Kyle Joseph Guy (born August 11, 1997) is an American professional basketball player for the Joventut Badalona of the Liga ACB. He played college basketball for the Virginia Cavaliers as a shooting guard for three years and was named the NCAA Tournament Most Outstanding Player during his junior season before declaring for the draft. In high school, he was Indiana Mr. Basketball and a McDonald's All-American.

Early years

Guy attended Lawrence Central High School in Indianapolis, Indiana. He was a varsity letter-winner all four years at Lawrence Central. On January 18, 2016, Guy was named a McDonald's All-American. After averaging 23.5 points, 5.6 rebounds and 3.7 assists during his senior season, Guy was selected as Indiana's Mr. Basketball. On October 20, 2014, Guy committed to playing college basketball at Virginia, selecting the Cavaliers over offers from schools such as California, Xavier, and Indiana.

College career
On November 22, 2016, in his fourth career college game, Kyle Guy led all players with 20 points and five three-pointers against Grambling State. As a freshman, he averaged 7.5 points per game and shot 49.5 percent from the three-point line.

Guy scored a career-high 29 points in a 76–67 win against VCU on November 17, 2017. He had 22 points, including five three-pointers, in a 76–67 victory over Syracuse on January 10, 2018. In the 2018 ACC tournament, Guy led Virginia to a conference tournament championship, where he averaged 16.7 points per game earning him tournament MVP honors.

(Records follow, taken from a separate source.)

(* GTDS is co-recursively-enumerable, i.e., the set of GTDS instances that have no solution is recursively enumerable.
   Context: An instance of GTDS consists of a rational discount factor $0<\lambda<1$, a rational target $t$, and rational weights $a_1,\dots,a_k$ ($k\in\mathbb N$); a solution is an infinite sequence $w\in\{a_1,\dots,a_k\}^\omega$ with $\sum_{i=0}^\infty w(i)\lambda^i=t$. *)

theory Defs
  imports Complex_Main "HOL-Library.Nat_Bijection"
begin

datatype recf =
    Zero
  | Succ
  | Proj nat
  | Comp recf "recf list"
  | PrimRec recf recf
  | Minim recf

inductive eval :: "recf \<Rightarrow> nat list \<Rightarrow> nat \<Rightarrow> bool" where
  zero: "eval Zero xs 0"
| succ: "eval Succ (x # xs) (Suc x)"
| proj: "i < length xs \<Longrightarrow> eval (Proj i) xs (xs ! i)"
| comp: "length ys = length gs \<Longrightarrow> (\<forall>i < length gs. eval (gs ! i) xs (ys ! i))
          \<Longrightarrow> eval f ys z \<Longrightarrow> eval (Comp f gs) xs z"
| pr0: "eval f xs y \<Longrightarrow> eval (PrimRec f g) (0 # xs) y"
| prS: "eval (PrimRec f g) (n # xs) y \<Longrightarrow> eval g (y # n # xs) z
          \<Longrightarrow> eval (PrimRec f g) (Suc n # xs) z"
| mn: "eval f (n # xs) 0 \<Longrightarrow> (\<forall>m < n. \<exists>y. eval f (m # xs) (Suc y))
          \<Longrightarrow> eval (Minim f) xs n"

definition rec_enum :: "nat set \<Rightarrow> bool" where
  "rec_enum A \<longleftrightarrow> (\<exists>f. \<forall>n. n \<in> A \<longleftrightarrow> (\<exists>y. eval f [n] y))"

definition encode_rat :: "rat \<Rightarrow> nat" where
  "encode_rat q = prod_encode (int_encode (fst (quotient_of q)), nat (snd (quotient_of q)))"

definition encode_instance :: "rat \<Rightarrow> rat \<Rightarrow> rat list \<Rightarrow> nat" where
  "encode_instance lam t ws =
     prod_encode (encode_rat lam, prod_encode (encode_rat t, list_encode (map encode_rat ws)))"

definition gtds_instance :: "rat \<Rightarrow> bool" where
  "gtds_instance lam \<longleftrightarrow> 0 < lam \<and> lam < 1"

definition gtds_solution :: "rat \<Rightarrow> rat \<Rightarrow> rat list \<Rightarrow> (nat \<Rightarrow> rat) \<Rightarrow> bool" where
  "gtds_solution lam t ws w \<longleftrightarrow>
     (\<forall>i. w i \<in> set ws) \<and>
     (\<lambda>i. real_of_rat (w i) * real_of_rat lam ^ i) sums real_of_rat t"

definition gtds_solvable :: "rat \<Rightarrow> rat \<Rightarrow> rat list \<Rightarrow> bool" where
  "gtds_solvable lam t ws \<longleftrightarrow> (\<exists>w. gtds_solution lam t ws w)"

end

theory Submission

  imports Defs "HOL-Library.More_List"

begin

text \<open>An instance has no solution iff for some length N every word of N weights has partial
  sum farther than lam^N B from t, where B bounds all expansions: one direction estimates the
  tail of a solution, the other is Koenig's lemma over the finitely many weights. Taking B of the
  form K / ((1 - lam) D) with D a common denominator, this condition on (N, D, K) becomes an
  inequality between natural numbers computed from the code of the instance by bounded sums,
  products and searches. So the codes of unsolvable instances are the projection of the zero set
  of a primitive recursive function, which is the domain of its unbounded minimisation.\<close>

section \<open>Expansions over a finite set of digits\<close>

text \<open>Every expansion with digits in A has absolute value at most B, since the geometric series
  of B (1 - lam) lam^i sums to B.\<close>
locale bounded_digits =
  fixes lam :: real and val :: "'a \<Rightarrow> real" and A :: "'a set" and B :: real
  assumes finite_digits: "finite A"
    and lam_pos: "0 < lam" and lam_less_1: "lam < 1"
    and digit_bound: "\<And>a. a \<in> A \<Longrightarrow> \<bar>val a\<bar> \<le> B * (1 - lam)"

begin

definition partial_sum :: "(nat \<Rightarrow> 'a) \<Rightarrow> nat \<Rightarrow> real" where
  "partial_sum u N = (\<Sum>i<N. val (u i) * lam ^ i)"

definition approximates :: "real \<Rightarrow> nat \<Rightarrow> (nat \<Rightarrow> 'a) \<Rightarrow> bool" where
  "approximates t N u \<longleftrightarrow> (\<forall>i<N. u i \<in> A) \<and> \<bar>t - partial_sum u N\<bar> \<le> lam ^ N * B"

lemma approximates_cong:
  "(\<And>i. i < N \<Longrightarrow> u i = v i) \<Longrightarrow> approximates t N u \<longleftrightarrow> approximates t N v"
  by (simp add: approximates_def partial_sum_def)

lemma approximates_Suc: "approximates t (Suc N) u \<Longrightarrow> approximates t N u"
proof -
  assume approx: "approximates t (Suc N) u"
  then have "u N \<in> A" by (simp add: approximates_def)
  then have "\<bar>val (u N) * lam ^ N\<bar> \<le> B * (1 - lam) * lam ^ N"
    using digit_bound lam_pos by (simp add: abs_mult mult_right_mono)
  moreover have "partial_sum u (Suc N) = partial_sum u N + val (u N) * lam ^ N"
    by (simp add: partial_sum_def)
  ultimately have "\<bar>t - partial_sum u N\<bar> \<le> lam ^ Suc N * B + B * (1 - lam) * lam ^ N"
    using approx unfolding approximates_def by linarith
  also have "\<dots> = lam ^ N * B" by (simp add: algebra_simps)
  finally show ?thesis using approx by (simp add: approximates_def)
qed
lemma det_gen_vandermonde_pos:
  fixes x :: "nat \<Rightarrow> real"
  assumes "strict_mono_on {..<n} x" and "\<And>i. i < n \<Longrightarrow> 0 < x i"
    and "strict_mono_on {..<n} a"
  shows "det (gen_vandermonde n x a) > 0"
  using assms
proof (induction n arbitrary: x)
  case 0
  then show ?case by (simp add: gen_vandermonde_def)
next
  case (Suc n)
  note x_mono = Suc.prems(1) and x_pos = Suc.prems(2) and a_mono = Suc.prems(3)
  define C where "C j = cofactor (gen_vandermonde (Suc n) x a) n j" for j
  define f where "f t = (\<Sum>j\<le>n. C j * t ^ a j)" for t :: real
  have det_f: "det (gen_vandermonde (Suc n) (x(n := t)) a) = f t" for t
    unfolding f_def C_def by (rule det_gen_vandermonde_last_row)
  have "{..<n} \<subseteq> {..<Suc n}" by auto
  then have "C n > 0"
    unfolding C_def cofactor_gen_vandermonde_last
    using Suc.IH[OF monotone_on_subset[OF x_mono] _ monotone_on_subset[OF a_mono]] x_pos by simp
  have f_nonzero: "f t \<noteq> 0" if "x n \<le> t" for t
  proof -
    have "strict_mono_on {..<Suc n} (x(n := t))"
    proof (rule strict_mono_onI)
      fix i j assume "i \<in> {..<Suc n}" "j \<in> {..<Suc n}" "i < j"
      then show "(x(n := t)) i < (x(n := t)) j"
        using strict_mono_onD[OF x_mono, of i j] strict_mono_onD[OF x_mono, of i n] that
        by (cases "j = n") auto
    qed
    moreover have "0 < (x(n := t)) i" if "i < Suc n" for i
      using x_pos[OF that] x_pos[of n] \<open>x n \<le> t\<close> by auto
    ultimately show ?thesis
      using det_gen_vandermonde_nonzero[OF _ _ a_mono] det_f by metis
  qed
  have "eventually (\<lambda>t. f t > 0 \<and> t \<ge> x n) at_top"
    using sum_powers_eventually_pos[of n a C] a_mono \<open>C n > 0\<close> eventually_ge_at_top[of "x n"]
    by (auto simp: f_def lessThan_Suc_atMost intro: eventually_conj)
  then obtain T where "f T > 0" "x n \<le> T"
    by (auto dest: eventually_happens)
  have "f (x n) > 0"
  proof (rule ccontr)
    assume "\<not> f (x n) > 0"
    moreover have "continuous_on {x n..T} f" unfolding f_def by (intro continuous_intros)
    ultimately obtain z where "x n \<le> z" "z \<le> T" "f z = 0"
      using IVT'[of f "x n" 0 T] \<open>f T > 0\<close> \<open>x n \<le> T\<close> by force
    then show False using f_nonzero by blast
  qed
  then show ?case using det_f[of "x n"] by simp
qed

lemma det_consecutive_row_differences:
  fixes g :: "nat \<Rightarrow> nat \<Rightarrow> 'a::comm_ring_1"
  shows "det (mat n n (\<lambda>(i, j). if i = 0 then g i j else g i j - g (i - 1) j))
       = det (mat n n (\<lambda>(i, j). g i j))"
proof -
  define D where "D s = mat n n (\<lambda>(i, j). if s < i then g i j - g (i - 1) j else g i j)" for s
  have "det (D s) = det (D n)" if "s \<le> n" for s
    using that
  proof (induction s rule: inc_induct)
    case (step s)
    have "D s = addrow (-1) (Suc s) s (D (Suc s))"
      unfolding D_def mat_addrow_def by (intro eq_matI) auto
    then have "det (D s) = det (D (Suc s))"
      using det_addrow[of s n "Suc s" "D (Suc s)" "-1"] step.hyps by (simp add: D_def)
    then show ?case using step.IH by simp
  qed simp
  moreover have "D 0 = mat n n (\<lambda>(i, j). if i = 0 then g i j else g i j - g (i - 1) j)"
    unfolding D_def by (intro eq_matI) auto
  moreover have "D n = mat n n (\<lambda>(i, j). g i j)"
    unfolding D_def by (intro eq_matI) auto
  ultimately show ?thesis by (metis le0)
qed

lemma det_gen_vandermonde_consecutive_differences:
  fixes x :: "nat \<Rightarrow> 'a::comm_ring_1" and a :: "nat \<Rightarrow> nat"
  shows "det (mat n n (\<lambda>(i, j). x (i + 1) ^ a j - x i ^ a j))
       = det (gen_vandermonde (Suc n) x (case_nat 0 a))"
proof -
  define D where "D = mat (Suc n) (Suc n) (\<lambda>(i, j).
    if i = 0 then x i ^ case_nat 0 a j else x i ^ case_nat 0 a j - x (i - 1) ^ case_nat 0 a j)"
  have "det (gen_vandermonde (Suc n) x (case_nat 0 a)) = det D"
    unfolding gen_vandermonde_def D_def by (rule det_consecutive_row_differences[symmetric])
  \<comment> \<open>The exponent \<open>0\<close> makes the first column of \<open>D\<close> the first unit vector.\<close>
  also have "\<dots> = (\<Sum>i<Suc n. D $$ (i, 0) * cofactor D i 0)"
    by (rule laplace_expansion_column) (auto simp: D_def)
  also have "\<dots> = det (mat_delete D 0 0)"
    unfolding sum.lessThan_Suc_shift by (simp add: D_def cofactor_def)
  also have "mat_delete D 0 0 = mat n n (\<lambda>(i, j). x (i + 1) ^ a j - x i ^ a j)"
    unfolding mat_delete_def D_def by (intro eq_matI) auto
  finally show ?thesis ..
qed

Prior to the 2018–19 season, Guy was named to the pre-season watchlists for the Jerry West Award, John R. Wooden Award, and for the Naismith College Player of the Year.

Guy set a new career-high with 30 points against Marshall on December 31, 2018. He recorded his first collegiate double-double with 25 points and 10 rebounds on March 30, 2019, against Purdue in the 2019 NCAA tournament, helping the Cavaliers advance to the program's first Final Four since 1984 in the process. On April 6, 2019, in Virginia's Final Four matchup against Auburn, Guy hit three consecutive free throws with 0.6 seconds left after being fouled on a corner 3 to help the Cavaliers reach their first-ever national championship game. Guy scored 24 points in Virginia's 85–77 overtime win in the championship game, and was named the tournament's Most Outstanding Player.

Professional career

Sacramento Kings (2019–2021)
Kyle Guy was drafted in the 2019 NBA draft by the New York Knicks before being traded to Sacramento. The Kings signed him to a two-way contract on July 7, 2019, to split time between the NBA Kings and their NBA G League affiliate, the Stockton Kings. He scored 42 points for Stockton in a win over the Iowa Wolves on December 1. Guy made his NBA debut on January 10, 2020, against the Milwaukee Bucks. On January 18, Guy scored 37 points and hit seven three-pointers for Stockton in a 147–117 loss to the Oklahoma City Blue.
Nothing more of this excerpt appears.